Fig 8. Proprotein convertase as a potential player in S glycoprotein cleavage.

(A-B) Differentiated human neuroblastoma cell line (LA-N-5) was incubated before and after infection with different concentration of furin-like inhibitor (dec-RVLR-cmk; 0, 5, 10μM). Infection was performed with rOC/ATCC or rOC/S_G758R at MOI 0.1. Proteins in supernatant were extracted at 48 hpi and analyzed by Western blot (50 μg of proteins) of supernatant from LA-N-5 cells infected by reference virus (A) or mutant virus (B). Western blot was directed against viral S glycoprotein. (C-D) Incubation of synthetic peptide containing the sequence of the putative cleavage site of reference virus (C) and mutant virus (D) with different recombinant proprotein convertases in vitro. The % of cleaved peptide was quantified over time.
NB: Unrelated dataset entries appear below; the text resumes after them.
section \<open>The field of order q^2 over its subfield of order q\<close>

lemma poly_nonroot_exists:
  fixes p :: "'a::{comm_ring_1,ring_no_zero_divisors} poly"
  assumes "p \<noteq> 0" "degree p < card S"
  shows "\<exists>x\<in>S. poly p x \<noteq> 0"
proof (rule ccontr)
  assume "\<not> ?thesis"
  then have "S \<subseteq> {x. poly p x = 0}"
    by auto
  then have "card S \<le> card {x. poly p x = 0}"
    by (intro card_mono poly_roots_finite assms)
  also have "\<dots> \<le> degree p"
    by (rule card_poly_roots_bound[OF assms(1)])
  finally show False
    using assms(2) by simp
qed

lemma abs_trace3_add_index:
  "abs_trace3 (i + j) (x::'a::field) = abs_trace3 i x + abs_trace3 j (x ^ 3 ^ i)"
proof (induction j)
  case (Suc j)
  have "(x ^ 3 ^ i) ^ 3 ^ j = x ^ 3 ^ (i + j)"
    by (simp add: power_add flip: power_mult)
  with Suc show ?case
    by (simp add: abs_trace3_def)
qed (simp add: abs_trace3_def)

lemma abs_trace3_nonzero_on:
  fixes S :: "'a::field set"
  assumes "n \<ge> 1" "3 ^ (n - 1) < card S"
  shows "\<exists>x\<in>S. abs_trace3 n x \<noteq> 0"
proof -
  define p :: "'a poly" where "p = (\<Sum>i<n. monom 1 (3 ^ i))"
  have "coeff p 1 = (\<Sum>i<n. if i = 0 then 1 else 0)"
    unfolding p_def coeff_sum by (intro sum.cong) auto
  also have "\<dots> = 1"
    using assms(1) by simp
  finally have "p \<noteq> 0"
    by auto
  moreover have "degree p \<le> 3 ^ (n - 1)"
    unfolding p_def
  proof (rule degree_sum_le)
    fix i assume "i \<in> {..<n}"
    then have "(3::nat) ^ i \<le> 3 ^ (n - 1)"
      by (intro power_increasing) auto
    then show "degree (monom (1::'a) (3 ^ i)) \<le> 3 ^ (n - 1)"
      using degree_monom_le order_trans by blast
  qed simp
  ultimately obtain x where "x \<in> S" "poly p x \<noteq> 0"
    using poly_nonroot_exists assms(2) by (metis le_less_trans)
  moreover have "poly p x = abs_trace3 n x"
    by (simp add: p_def poly_sum poly_monom abs_trace3_def)
  ultimately show ?thesis
    by auto
qed

context
  fixes m :: nat
  assumes CARD_eq: "CARD('a::{field,finite}) = 3 ^ (2 * m)" and m_pos: "m \<ge> 1"
begin

abbreviation q :: nat where
  "q \<equiv> 3 ^ m"

abbreviation Fq :: "'a set" where
  "Fq \<equiv> {u. u ^ q = u}"

lemma conj_conj: "((x::'a) ^ q) ^ q = x"
  using power_3_power_eq_self[OF CARD_eq, of x]
  by (simp add: mult_2 power_add flip: power_mult)

lemma conj_add: "((x::'a) + y) ^ q = x ^ q + y ^ q"
  by (rule frobenius_add[OF CHAR_eq_3[OF CARD_eq]])

lemma conj_diff: "((x::'a) - y) ^ q = x ^ q - y ^ q"
  by (rule frobenius_diff[OF CHAR_eq_3[OF CARD_eq]])

lemma exists_conj_eq_minus: "\<exists>\<theta>::'a. \<theta> \<noteq> 0 \<and> \<theta> ^ q = - \<theta>"
proof -
  define p :: "'a poly" where "p = monom 1 q - [:0, 1:]"
  have "q \<noteq> 1"
    using m_pos by simp
  then have "coeff p 1 = -1"
    unfolding p_def by simp
  then have "p \<noteq> 0"
    by auto
  moreover have "degree p < card (UNIV :: 'a set)"
  proof -
    have "degree p \<le> q"
      unfolding p_def by (intro degree_diff_le degree_monom_le) (simp add: degree_pCons_eq_if)
    also have "\<dots> < 3 ^ (2 * m)"
      using m_pos by (intro power_strict_increasing) auto
    finally show ?thesis
      by (simp add: CARD_eq)
  qed
  ultimately obtain x where "poly p x \<noteq> 0"
    using poly_nonroot_exists by blast
  then have "x ^ q \<noteq> x"
    by (simp add: p_def poly_monom)
  then show ?thesis
    by (intro exI[of _ "x - x ^ q"]) (simp add: conj_diff conj_conj)
qed

lemma abs_trace3_add_conj: "abs_trace3 (2 * m) ((y::'a) + y ^ q) = - abs_trace3 (2 * m) y"
proof -
  have "abs_trace3 (2 * m) (y + y ^ q) = abs_trace3 (2 * m) y + abs_trace3 (2 * m) y"
    by (simp add: abs_trace3_add[OF CHAR_eq_3[OF CARD_eq]] abs_trace3_power_3_power[OF CARD_eq])
  also have "\<dots> = 3 * abs_trace3 (2 * m) y - abs_trace3 (2 * m) y"
    by simp
  finally show ?thesis
    by (simp add: three_eq_zero[OF CHAR_eq_3[OF CARD_eq]])
qed

context
  fixes \<theta> :: 'a
  assumes theta_nonzero: "\<theta> \<noteq> 0" and conj_theta: "\<theta> ^ q = - \<theta>"
begin

lemma conj_decomposition:
  assumes "u \<in> Fq" "v \<in> Fq"
  shows "(u + v * \<theta>) ^ q = u - v * \<theta>"
  using assms by (simp add: conj_add power_mult_distrib conj_theta)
Fig 9. Morphology of viral crown peplomers is dependent on cleavage of the S glycoprotein but does not affect virus infectivity.
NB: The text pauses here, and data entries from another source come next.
lemma det_on_U_diag:
  assumes "finite F" and "\<And>\<alpha>. \<alpha> \<in> F \<Longrightarrow> finite \<alpha>"
  shows "det_on (edge_idx F r) (U_diag u) = (\<Prod>\<alpha>\<in>F. det_on (vert_idx \<alpha> r) (Umat u \<alpha>))"
  using assms
proof (induction F rule: finite_induct)
  case empty
  then show ?case
    by (simp add: edge_idx_def dedges_def det_on_def)
next
  case (insert \<alpha> F)
  have fin: "finite \<alpha>" "\<And>\<beta>. \<beta> \<in> F \<Longrightarrow> finite \<beta>"
    using insert.prems by auto
  have "det_on (edge_idx (insert \<alpha> F) r) (U_diag u)
      = det_on (edge_coord \<alpha> ` vert_idx \<alpha> r) (U_diag u) * det_on (edge_idx F r) (U_diag u)"
    unfolding edge_idx_insert
    using insert.hyps fin
    by (intro det_on_block_triangular) (auto simp: finite_vert_idx finite_edge_idx edge_idx_iff U_diag_def)
  also have "det_on (edge_coord \<alpha> ` vert_idx \<alpha> r) (U_diag u) = det_on (vert_idx \<alpha> r) (Umat u \<alpha>)"
  proof -
    have "bij_betw (edge_coord \<alpha>) (vert_idx \<alpha> r) (edge_coord \<alpha> ` vert_idx \<alpha> r)"
      by (auto simp: bij_betw_def inj_on_def edge_coord_def)
    with fin(1) show ?thesis
      by (simp add: det_on_reindex finite_vert_idx U_diag_def)
  qed
  finally show ?case
    using insert by simp
qed

lemma sum_tgt_mult_I_minus_W_lift:
  assumes "finite F" and "\<And>\<alpha>. \<alpha> \<in> F \<Longrightarrow> finite \<alpha>" and "snd g < r (fst g)"
  shows "(\<Sum>x\<in>edge_idx F r. idm g (tgt_idx x) * I_minus_W_lift w x h) = Dop F g h - Wop F w g h"
proof -
  obtain i a j b where gh: "g = (i, a)" "h = (j, b)"
    by force
  let ?F = "{\<alpha> \<in> F. i \<in> \<alpha> \<and> j \<in> \<alpha>}"
  have "(\<Sum>x\<in>edge_idx F r. idm g (tgt_idx x) * I_minus_W_lift w x h)
      = (\<Sum>\<alpha>\<in>F. \<Sum>k\<in>vert_idx \<alpha> r. idm g k * I_minus_W_lift w (edge_coord \<alpha> k) h)"
    using assms(1,2) by (simp add: sum_edge_idx)
  also have "\<dots> = (\<Sum>\<alpha>\<in>F. if i \<in> \<alpha> \<and> j \<in> \<alpha> then idm g h - w \<alpha> g h else 0)"
  proof (rule sum.cong)
    fix \<alpha> assume "\<alpha> \<in> F"
    moreover have "g \<in> vert_idx \<alpha> r \<longleftrightarrow> i \<in> \<alpha>"
      using assms(3) by (simp add: gh vert_idx_def)
    ultimately show "(\<Sum>k\<in>vert_idx \<alpha> r. idm g k * I_minus_W_lift w (edge_coord \<alpha> k) h)
        = (if i \<in> \<alpha> \<and> j \<in> \<alpha> then idm g h - w \<alpha> g h else 0)"
      using assms(2) by (simp add: sum_idm_left finite_vert_idx I_minus_W_lift_def gh(2))
  qed simp
  also have "\<dots> = (\<Sum>\<alpha>\<in>?F. idm g h - w \<alpha> g h)"
    using assms(1) by (simp add: sum.inter_filter)
  also have "\<dots> = (\<Sum>\<alpha>\<in>?F. idm g h) - (\<Sum>\<alpha>\<in>?F. w \<alpha> g h)"
    by (rule sum_subtractf)
  also have "(\<Sum>\<alpha>\<in>?F. idm g h) = Dop F g h"
    by (auto simp: Dop_def idm_def hdeg_def gh)
  also have "(\<Sum>\<alpha>\<in>?F. w \<alpha> g h) = Wop F w g h"
  proof -
    have "{(e, e'). e \<in> dedges F \<and> e' \<in> dedges F \<and> snd e = fst g \<and> fst e = fst e' \<and> snd e' = fst h}
        = (\<lambda>\<alpha>. ((\<alpha>, i), (\<alpha>, j))) ` ?F"
      by (auto simp: dedges_def gh image_iff)
    then show ?thesis
      unfolding Wop_def by (simp add: sum.reindex inj_on_def)
  qed
  finally show ?thesis .
qed
lemma n2_eq_2:
  assumes "n1 = 1" and "K 0 \<noteq> 0" and "P 0 \<noteq> 0"
  shows "n2 = 2"
proof -
  have "cvcross (K 0) (omega m c (K 0)) = - K 0" if "n2 = 1 \<or> a = 0"
    using leading_order_K[OF \<open>n1 = 1\<close>, of 0] that by auto
  with \<open>K 0 \<noteq> 0\<close> have "n2 \<noteq> 1" "a \<noteq> 0"
    using cvcross_omega_self_eq_neg_imp_0 by blast+
  have "\<not> 3 \<le> n2"
  proof
    assume "3 \<le> n2"
    then have "n2 \<le> (n2 - 2) + 2"
      by simp
    with \<open>3 \<le> n2\<close> have "cvcross (P 0) (cvec a) = 0"
      using leading_order_K[OF \<open>n1 = 1\<close>, of "n2 - 2"] by (simp add: power_0_left)
    moreover have "cvcross (P 0) (omega m c (K 0)) = (- of_nat n2) *s P 0"
      using leading_order_P \<open>n1 = 1\<close> by simp
    ultimately show False
      using eigenvector_parallel_to_real_eq_0[of "P 0" _ "- of_nat n2" a]
        \<open>a \<noteq> 0\<close> \<open>3 \<le> n2\<close> \<open>P 0 \<noteq> 0\<close>
      by simp
  qed
  with \<open>n2 \<noteq> 1\<close> n2_pos show "n2 = 2"
    by simp
qed

end

theorem lemma1:
  fixes k c m :: real and a :: "real^3"
    and n1 n2 :: nat and K P :: "nat \<Rightarrow> complex^3" and r :: real
  assumes hk: "k \<in> {0, 1, -1}"
    and hc: "c \<noteq> 0" and hm: "m \<ge> 0"
    and hn1: "n1 \<ge> 1" and hn2: "n2 \<ge> 1"
    and hK0: "K 0 \<noteq> 0" and hP0: "P 0 \<noteq> 0"
    and hr: "r > 0"
    and hconv: "\<forall>t. 0 < norm t \<and> norm t < r \<longrightarrow>
                   summable (\<lambda>j. (t ^ j) *s K j) \<and> summable (\<lambda>j. (t ^ j) *s P j)"
    and hodeK: "\<forall>t. 0 < norm t \<and> norm t < r \<longrightarrow> (\<forall>i.
       ((\<lambda>s. laurent n1 K s $ i) has_field_derivative
          (cvcross (laurent n1 K t) (omega m c (laurent n1 K t))
           + cvcross (laurent n2 P t) (cvec a)) $ i) (at t))"
    and hodeP: "\<forall>t. 0 < norm t \<and> norm t < r \<longrightarrow> (\<forall>i.
       ((\<lambda>s. laurent n2 P s $ i) has_field_derivative
          (cvcross (laurent n2 P t) (omega m c (laurent n1 K t))
           + complex_of_real k *s cvcross (laurent n1 K t) (cvec a)) $ i) (at t))"
    and hnd: "cvcross (omega m c (K 0)) (P 0) \<noteq> 0"
  shows "n1 = 1 \<and> n2 = 2"
proof -
  interpret laurent_solution m c k a n1 n2 K P r
    using hr hn1 hn2 hconv hodeK hodeP by unfold_locales auto
  have "n1 = 1"
    using hnd by (rule n1_eq_1)
  with hK0 hP0 show ?thesis
    using n2_eq_2 by blast
qed

end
Observation of virus crown peplomers was made by Transmission Electron Microscopy (TEM). Mixed primary cultures from BALB/c mice brain were infected with rOC/ATCC or rOC/S_G758R at MOI 0.03 and supernatants were harvested at 48 hpi. After negative staining by PTA, viral particles were observed. (A) Left panel represents the “long S” morphology at magnification 50,000x and right panel indicates spike size in μm on the same viral particle. (B) Left panel shows the “short S” morphology at magnification 50,000x and right panel indicates spike size in μm on the same viral particle. Black arrows represent different sizes of spike glycoprotein, and white arrows show the viral hemagglutinin-esterase (HE) protein peplomers. (C) Mean size of spike glycoprotein (in nm) was evaluated for long S and short S types of viral particles. Measurements between 20 and 26 nm in length were considered as long S and those between 14 nm and 20 nm in length were considered as short S spikes on viral particles. The difference between long S and short S viral particles was significant (*** P≤0.001). (D) Quantification of 650 long S and shortS viral particles of rOC/ATCC or rOC/S_G758R shows a significant difference between both viruses (*** P≤0.001). (E) Infectivity assay between viruses: quantification of viral RNA (absolute quantity in RNA copy) over the number of infectious particles in viral stocks. (F) The amount of viral RNA copy found associated with LA-N-5 cells during the early steps of infection at 0.5, 2, 4, 8, 16 hpi. Results are shown in absolute number of viral RNA copy.